(* Let $\mathbb{A}$ be as below, $S\subseteq\mathbb{A}$ finite, and $\mathcal{O}\subseteq\mathbb{A}^I$ an $S$-ordered orbit. Then every $a\in\mathcal{O}$ can be extended to an $\mathcal{O}$-duo $a\parallel b$, i.e. there is $b\in\mathcal{O}$ such that $a\parallel b$ is an $\mathcal{O}$-duo.
   Context: $\sigma_0$ is a finite vocabulary of unary and binary relations; $\mathscr{C}_0=\operatorname{Forb}(\mathscr{F})$ is a free amalgamation class of finite irreflexive $\sigma_0$-structures (every member of $\mathscr{F}$ has every two elements related, where $u,v$ are related if $u=v$ or $R(u,v)$ or $R(v,u)$ for some binary $R\in\sigma_0$; irreflexive means binary relations hold only between distinct elements); $\mathbb{A}$ is the Fraïssé limit of the class of all totally ordered (by a new symbol $<$) members of $\mathscr{C}_0$. $I$ is a finite totally ordered index set. For finite $S\subseteq\mathbb{A}$, a tuple $a\in\mathbb{A}^I$ is $S$-ordered if $a_i\notin S$ for all $i$ and $a_i<a_j$ whenever $i<j$; an $S$-ordered orbit is $\mathcal{O}=\operatorname{Aut}(\mathbb{A}/S)\cdot a$ for such $a$, where $\operatorname{Aut}(\mathbb{A}/S)$ is the group of automorphisms fixing $S$ pointwise. An $\mathcal{O}$-duo $a\parallel b$ is a pair $a,b\in\mathcal{O}$ with (1) $a_i<b_i$ for all $i\in I$; (2) $b_i<a_j$ for all $i<j$ in $I$; (3) for every binary $R\in\sigma_0$ and $i,j\in I$: $R(a_i,b_j)\iff R(a_i,a_j)\iff R(b_i,b_j)\iff R(b_i,a_j)$. *)

theory Defs
  imports Main "HOL-Library.FuncSet" "HOL-Library.Countable_Set"
begin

### DIRECTIONS:
Output all the lines above. Keep each one exact.

### YOUR SOLUTION:
(* Let $\mathbb{A}$ be as below, $S\subseteq\mathbb{A}$ finite, and $\mathcal{O}\subseteq\mathbb{A}^I$ an $S$-ordered orbit. Then every $a\in\mathcal{O}$ can be extended to an $\mathcal{O}$-duo $a\parallel b$, i.e. there is $b\in\mathcal{O}$ such that $a\parallel b$ is an $\mathcal{O}$-duo.
   Context: $\sigma_0$ is a finite vocabulary of unary and binary relations; $\mathscr{C}_0=\operatorname{Forb}(\mathscr{F})$ is a free amalgamation class of finite irreflexive $\sigma_0$-structures (every member of $\mathscr{F}$ has every two elements related, where $u,v$ are related if $u=v$ or $R(u,v)$ or $R(v,u)$ for some binary $R\in\sigma_0$; irreflexive means binary relations hold only between distinct elements); $\mathbb{A}$ is the Fraïssé limit of the class of all totally ordered (by a new symbol $<$) members of $\mathscr{C}_0$. $I$ is a finite totally ordered index set. For finite $S\subseteq\mathbb{A}$, a tuple $a\in\mathbb{A}^I$ is $S$-ordered if $a_i\notin S$ for all $i$ and $a_i<a_j$ whenever $i<j$; an $S$-ordered orbit is $\mathcal{O}=\operatorname{Aut}(\mathbb{A}/S)\cdot a$ for such $a$, where $\operatorname{Aut}(\mathbb{A}/S)$ is the group of automorphisms fixing $S$ pointwise. An $\mathcal{O}$-duo $a\parallel b$ is a pair $a,b\in\mathcal{O}$ with (1) $a_i<b_i$ for all $i\in I$; (2) $b_i<a_j$ for all $i<j$ in $I$; (3) for every binary $R\in\sigma_0$ and $i,j\in I$: $R(a_i,b_j)\iff R(a_i,a_j)\iff R(b_i,b_j)\iff R(b_i,a_j)$. *)

theory Defs
  imports Main "HOL-Library.FuncSet" "HOL-Library.Countable_Set"
begin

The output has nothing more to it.